Redirecting Users with State Parameters

Hello,

I’m trying to redirect my users after login/signup in a React app. I’ve been reading about how to do that using a state param in the authentication request using a nonce per these docs.

(Redirect Users)

My question is concerning this quote:

As part of the callback processing and response validation

Where is this callback processing done? I have a callback handler but no information is passed to it. So, how do I validate a response? Where is this response data that I can evaluate?

FYI: I am using the react-auth0-spa.js context provider as described here : Auth0 React SDK Quickstarts: Login

Hi,

auth0-spa-js validates the response automatically so you needn’t concern yourself with this. The library takes care of all of these low-level details.

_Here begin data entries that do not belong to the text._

text \<open>Appending an edge of type \<open>I\<close> to a normal form is the same, up to homotopy, as appending
  the steps of \<open>I\<close> one by one (they lie in one simplex), and these can be sorted in.\<close>

lemma walk_count_word_snoc_vertex:
  assumes "y \<in> {0..<n}" and edge: "{walk_end n l y (count_word k c), v} \<in> T"
  obtains c' where "(walk n l y (count_word k c) @ [v], walk n l y (count_word k c')) \<in> htp"
proof -
  let ?u = "walk_end n l y (count_word k c)"
  let ?W = "walk n l y (count_word k c)"
  have u: "?u \<in> {0..<n}" using walk_end_range[OF assms(1)] .
  obtain I where I: "I \<noteq> {}" "I \<subseteq> {..<k}" "v = (?u + sum l I) mod n"
    using tonnetz_edge_type[OF edge] .
  define ws where "ws = sorted_list_of_set I"
  have ws: "set ws = I" "distinct ws" "ws \<noteq> []"
    using I(1,2) finite_subset[OF I(2)] by (auto simp: ws_def)
  have "walk_end n l ?u ws = v"
    using walk_end_eq_mod[OF u, of ws] I(3) ws by (simp add: sum_list_distinct_conv_sum_set)
  moreover obtain S where "S \<in> T" "set (walk n l ?u ws) \<subseteq> S"
    using walk_in_face[OF u ws(2)] ws(1) I(2) by auto
  ultimately have edge_htp: "([?u, v], walk n l ?u ws) \<in> htp"
    using ws(3) by (intro face_paths_comb_htp[OF down_closed_tonnetz edge])
      (auto simp: length_walk hd_walk last_walk Suc_le_eq)
  have W: "?W = butlast ?W @ [?u]"
    using last_walk[of n l y "count_word k c"] walk_nonempty[of n l y "count_word k c"]
    by (metis append_butlast_last_id)
  have "edge_path T (?W @ [v])"
    using edge_path_walk[OF assms(1) set_count_word] edge down_closedD[OF down_closed_tonnetz edge, of "{v}"]
    by (simp add: edge_path_append walk_nonempty last_walk edge_path_singleton)
  then have "(butlast ?W @ [?u, v] @ [], butlast ?W @ walk n l ?u ws @ []) \<in> htp"
    using W by (intro comb_htp_in_context[OF edge_htp down_closed_tonnetz]) (metis append_assoc append_Cons append_Nil, simp)
  then have "(?W @ [v], walk n l y (count_word k c @ ws)) \<in> htp"
    using W by (metis append.assoc append_Cons append_Nil append_Nil2 walk_append_butlast)
  then show ?thesis
    using that walk_count_word_append[OF _ assms(1), of ws c] ws(1) I(2) comb_htp_trans by blast
qed
(* Let $n>0$ be an integer. Let $(\pi_i)_{-n<i<n}$ be arbitrary probabilities in $[0,1]$. Consider the Markov chain $X_0,X_1,\ldots$ on $\{-n,\ldots,n\}$ with reflecting barriers, whose transition probabilities are $$p_{-n,-n+1}=p_{n,n-1}=1,\qquad p_{i,i+1}=\pi_i,\quad p_{i,i-1}=1-\pi_i\quad(-n<i<n).$$ All other transition probabilities are $0$. For states $i,j$, let $T_{i,j}=\min\{t>0: X_t=j\}$ be the hitting time of $j$ when the chain is started at $X_0=i$. Then $$\max\left(\mathrm{E}\{T_{0,n}\},\mathrm{E}\{T_{0,-n}\}\right)\ge \frac{2}{3}n^2.$$
   Context: Expectations may be infinite. *)

theory Defs
  imports "HOL-Analysis.Analysis"
begin

definition trans_prob :: "nat \<Rightarrow> (int \<Rightarrow> real) \<Rightarrow> int \<Rightarrow> int \<Rightarrow> real" where
  "trans_prob n \<pi> i j =
     (if i = - int n then (if j = - int n + 1 then 1 else 0)
      else if i = int n then (if j = int n - 1 then 1 else 0)
      else if - int n < i \<and> i < int n then
        (if j = i + 1 then \<pi> i else if j = i - 1 then 1 - \<pi> i else 0)
      else 0)"

definition path_prob :: "nat \<Rightarrow> (int \<Rightarrow> real) \<Rightarrow> int \<Rightarrow> int list \<Rightarrow> real" where
  "path_prob n \<pi> i xs = (\<Prod>k<length xs. trans_prob n \<pi> ((i # xs) ! k) ((i # xs) ! (k + 1)))"

text \<open>P(T_{i,j} = t) for the chain started at X_0 = i, where T_{i,j} = min {t > 0. X_t = j}:
  sum of probabilities of trajectories x_1..x_t in the state space avoiding j at times
  1..t-1 and with x_t = j.\<close>
definition hit_prob :: "nat \<Rightarrow> (int \<Rightarrow> real) \<Rightarrow> int \<Rightarrow> int \<Rightarrow> nat \<Rightarrow> real" where
  "hit_prob n \<pi> i j t =
     (\<Sum>xs \<in> {xs. length xs = t \<and> set xs \<subseteq> {- int n .. int n} \<and> xs \<noteq> [] \<and>
                  last xs = j \<and> j \<notin> set (butlast xs)}.
        path_prob n \<pi> i xs)"

text \<open>E{T_{i,j}} in [0, \<infinity>]: sum of t P(T = t), plus \<infinity> times P(T = \<infinity>).\<close>
definition exp_hit_time :: "nat \<Rightarrow> (int \<Rightarrow> real) \<Rightarrow> int \<Rightarrow> int \<Rightarrow> ennreal" where
  "exp_hit_time n \<pi> i j =
     (\<Sum>t. of_nat t * ennreal (hit_prob n \<pi> i j t))
     + (top :: ennreal) * (1 - (\<Sum>t. ennreal (hit_prob n \<pi> i j t)))"

end

theory Submission
  imports Defs
begin

text \<open>
  A function f on the states with f j = 0 and f y \<le> 1 + E(f X_1 | X_0 = y) for y \<noteq> j is a lower
  bound for the expected hitting time of j: by optional stopping, f(X_min(t,T)) + min(t,T) is a
  submartingale. For the target n we take f x = \<Sum>{a k | x \<le> k < n}, where a k bounds the
  expected time to step from k to k + 1; the target -n is the target n of the reflected walk.

  If all \<pi> k lie strictly between 0 and 1, the exact crossing times of the edge {k, k + 1} are
  1 + 2 \<Sum>{w i / w k | i < k} upwards and 1 + 2 \<Sum>{w i / w k | i > k} downwards, where w k is
  the product of the odds \<pi> l / (1 - \<pi> l) over -n < l \<le> k. Pairing the upward crossings right of 0
  with the downward crossings left of 0 and using w i / w k + w k / w i \<ge> 2 gives
  E T_{0,n} + E T_{0,-n} \<ge> 4 n^2, so the larger of the two is at least 2 n^2. If some \<pi> k is 0 or 1,
  the walk from 0 gets trapped on one side with positive probability and one of the two
  expected hitting times is infinite.
\<close>

lemma ennreal_add_le: "ennreal (x + y) \<le> ennreal x + ennreal y"
  by (metis add.right_neutral add_0 add_le_same_cancel2 ennreal_leI
      ennreal_neg ennreal_plus le_add_same_cancel1 linorder_le_cases)

lemma ennreal_eq_top_if_unbounded:
  assumes "\<And>C. 0 \<le> C \<Longrightarrow> ennreal C \<le> x"
  shows "x = top"
proof (cases x)
  case (real r)
  then have "ennreal (r + 1) \<le> ennreal r" using assms[of "r + 1"] by simp
  with real show ?thesis by simp
qed simp

lemma sum_int_atLeastLessThan_head:
  "x < m \<Longrightarrow> (\<Sum>k\<in>{x..<m}. a k) = a x + (\<Sum>k\<in>{x + 1..<m}. a k :: 'a :: comm_monoid_add)"
  for x m :: int
proof -
  assume "x < m"
  then have "{x..<m} = insert x {x + 1..<m}" by auto
  then show ?thesis by simp
qed

text \<open>In the next two lemmas h r = P(T = r) for a random time T \<in> \<nat> \<union> {\<infinity>}, so that
  1 - \<Sum>{h r | r \<le> s} = P(T > s), the sum of these over s < t is E min(T, t), and the right-hand side
  of the second lemma is E T with the convention \<infinity> \<cdot> P(T = \<infinity>).\<close>

lemma truncated_mean_le_mean:
  fixes h :: "nat \<Rightarrow> real"
  assumes nonneg: "\<And>r. 0 \<le> h r" and total: "h sums 1"
  shows "ennreal (\<Sum>s<t. 1 - (\<Sum>r\<le>s. h r)) \<le> (\<Sum>r. of_nat r * ennreal (h r))"
proof -
  have tail: "(\<lambda>r. if s < r then h r else 0) sums (1 - (\<Sum>r\<le>s. h r))" for s
  proof -
    have "(\<lambda>r. h r - (if r \<in> {..s} then h r else 0)) sums (1 - (\<Sum>r\<le>s. h r))"
      by (intro sums_diff total sums_If_finite_set) simp
    moreover have "(\<lambda>r. h r - (if r \<in> {..s} then h r else 0)) = (\<lambda>r. if s < r then h r else 0)"
      by (auto simp: fun_eq_iff)
    ultimately show ?thesis by simp
  qed
  have "(\<lambda>r. \<Sum>s<t. if s < r then h r else 0) = (\<lambda>r. real (min r t) * h r)"
  proof
    fix r
    have "{s. s < t \<and> s < r} = {..<min r t}" by auto
    then show "(\<Sum>s<t. if s < r then h r else 0) = real (min r t) * h r"
      by (simp add: sum.If_cases Int_def)
  qed
  moreover have "(\<lambda>r. \<Sum>s<t. if s < r then h r else 0) sums (\<Sum>s<t. 1 - (\<Sum>r\<le>s. h r))"
    by (rule sums_sum) (rule tail)
  ultimately have "(\<lambda>r. real (min r t) * h r) sums (\<Sum>s<t. 1 - (\<Sum>r\<le>s. h r))"
    by simp
  then have "(\<Sum>s<t. 1 - (\<Sum>r\<le>s. h r)) = (\<Sum>r. real (min r t) * h r)"
    and "summable (\<lambda>r. real (min r t) * h r)"
    by (simp_all add: sums_unique sums_summable)
  then have "ennreal (\<Sum>s<t. 1 - (\<Sum>r\<le>s. h r)) = (\<Sum>r. ennreal (real (min r t) * h r))"
    using nonneg by (simp add: suminf_ennreal2)
  also have "\<dots> \<le> (\<Sum>r. of_nat r * ennreal (h r))"
    using nonneg by (intro suminf_le) (auto simp: ennreal_mult' ennreal_of_nat_eq_real_of_nat
      intro!: mult_right_mono)
  finally show ?thesis .
qed

lemma le_mean_of_le_truncated_means:
  fixes h :: "nat \<Rightarrow> real"
  assumes nonneg: "\<And>r. 0 \<le> h r" and sub: "\<And>t. (\<Sum>r\<le>t. h r) \<le> 1"
    and le: "\<And>t. c \<le> (\<Sum>s<t. 1 - (\<Sum>r\<le>s. h r)) + M * (1 - (\<Sum>r\<le>t. h r))"
  shows "ennreal c \<le> (\<Sum>r. of_nat r * ennreal (h r)) + top * (1 - (\<Sum>r. ennreal (h r)))"
proof (cases "(\<Sum>r. ennreal (h r)) < 1")
  case True
  then have "top * (1 - (\<Sum>r. ennreal (h r))) = top"
    using diff_gr0_ennreal[OF True] by (intro ennreal_top_mult_right) auto
  then show ?thesis by simp
next
  case False
  have partial: "(\<Sum>r<t. h r) \<le> 1" for t
    using sub by (cases t) (auto simp: lessThan_Suc_atMost)
  have "summable h"
    using nonneg partial by (rule summableI_nonneg_bounded)
  moreover have "suminf h \<le> 1"
    using \<open>summable h\<close> partial by (rule suminf_le_const)
  moreover have "1 \<le> suminf h"
    using False nonneg \<open>summable h\<close> by (simp add: suminf_ennreal2 not_less)
  ultimately have total: "h sums 1"
    using summable_sums by fastforce
  have "(\<lambda>t. c - M * (1 - (\<Sum>r\<le>t. h r))) \<longlonglongrightarrow> c - M * (1 - 1)"
    using summable_LIMSEQ'[OF \<open>summable h\<close>] total by (intro tendsto_intros) (simp add: sums_iff)
  then have "(\<lambda>t. ennreal (c - M * (1 - (\<Sum>r\<le>t. h r)))) \<longlonglongrightarrow> ennreal c"
    by (intro tendsto_ennrealI) simp
  moreover have "ennreal (c - M * (1 - (\<Sum>r\<le>t. h r))) \<le> (\<Sum>r. of_nat r * ennreal (h r))" for t
    using le[of t] truncated_mean_le_mean[OF nonneg total, of t] by (meson ennreal_leI diff_le_eq order_trans)
  ultimately have "ennreal c \<le> (\<Sum>r. of_nat r * ennreal (h r))"
    by (intro Lim_bounded[where M = 0]) auto
  then show ?thesis by (simp add: add_increasing2)
qed

section \<open>Hitting probabilities\<close>

lemma path_prob_Nil [simp]: "path_prob n \<pi> i [] = 1"
  by (simp add: path_prob_def)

Regardless, I will explain how this works internally:

When the /authorize URL is constructed a new transaction is created and associated with a newly generated state value that will be passed in the URL: auth0-spa-js/Auth0Client.ts at c757764b94cb1561c37b20cf6076c73c7ceef317 · auth0/auth0-spa-js · GitHub

When the user is redirected back to your app you should be calling handleRedirectCallback. This function retrieves the transaction using the state value from the query parameters: auth0-spa-js/Auth0Client.ts at c757764b94cb1561c37b20cf6076c73c7ceef317 · auth0/auth0-spa-js · GitHub

It then passes the transaction’s nonce to _verifyIdToken (which is just a wrapper around the verify function) : auth0-spa-js/Auth0Client.ts at c757764b94cb1561c37b20cf6076c73c7ceef317 · auth0/auth0-spa-js · GitHub

In verify you can then see the nonce value from the transaction is compared with that of the ID token. If they don’t match then validation fails: auth0-spa-js/jwt.ts at c757764b94cb1561c37b20cf6076c73c7ceef317 · auth0/auth0-spa-js · GitHub

2 Likes

I’m sorry I’m a little lost. Can you walk us through how we can actually do this in auth0-react-js ?

can I just set redirect_uri: `{allowed_callback_url}?betacode=${somenumber}` when using loginWithRedirect ???

In my use case, the only dynamic part of my redirect uri is the query parameters. Can this work?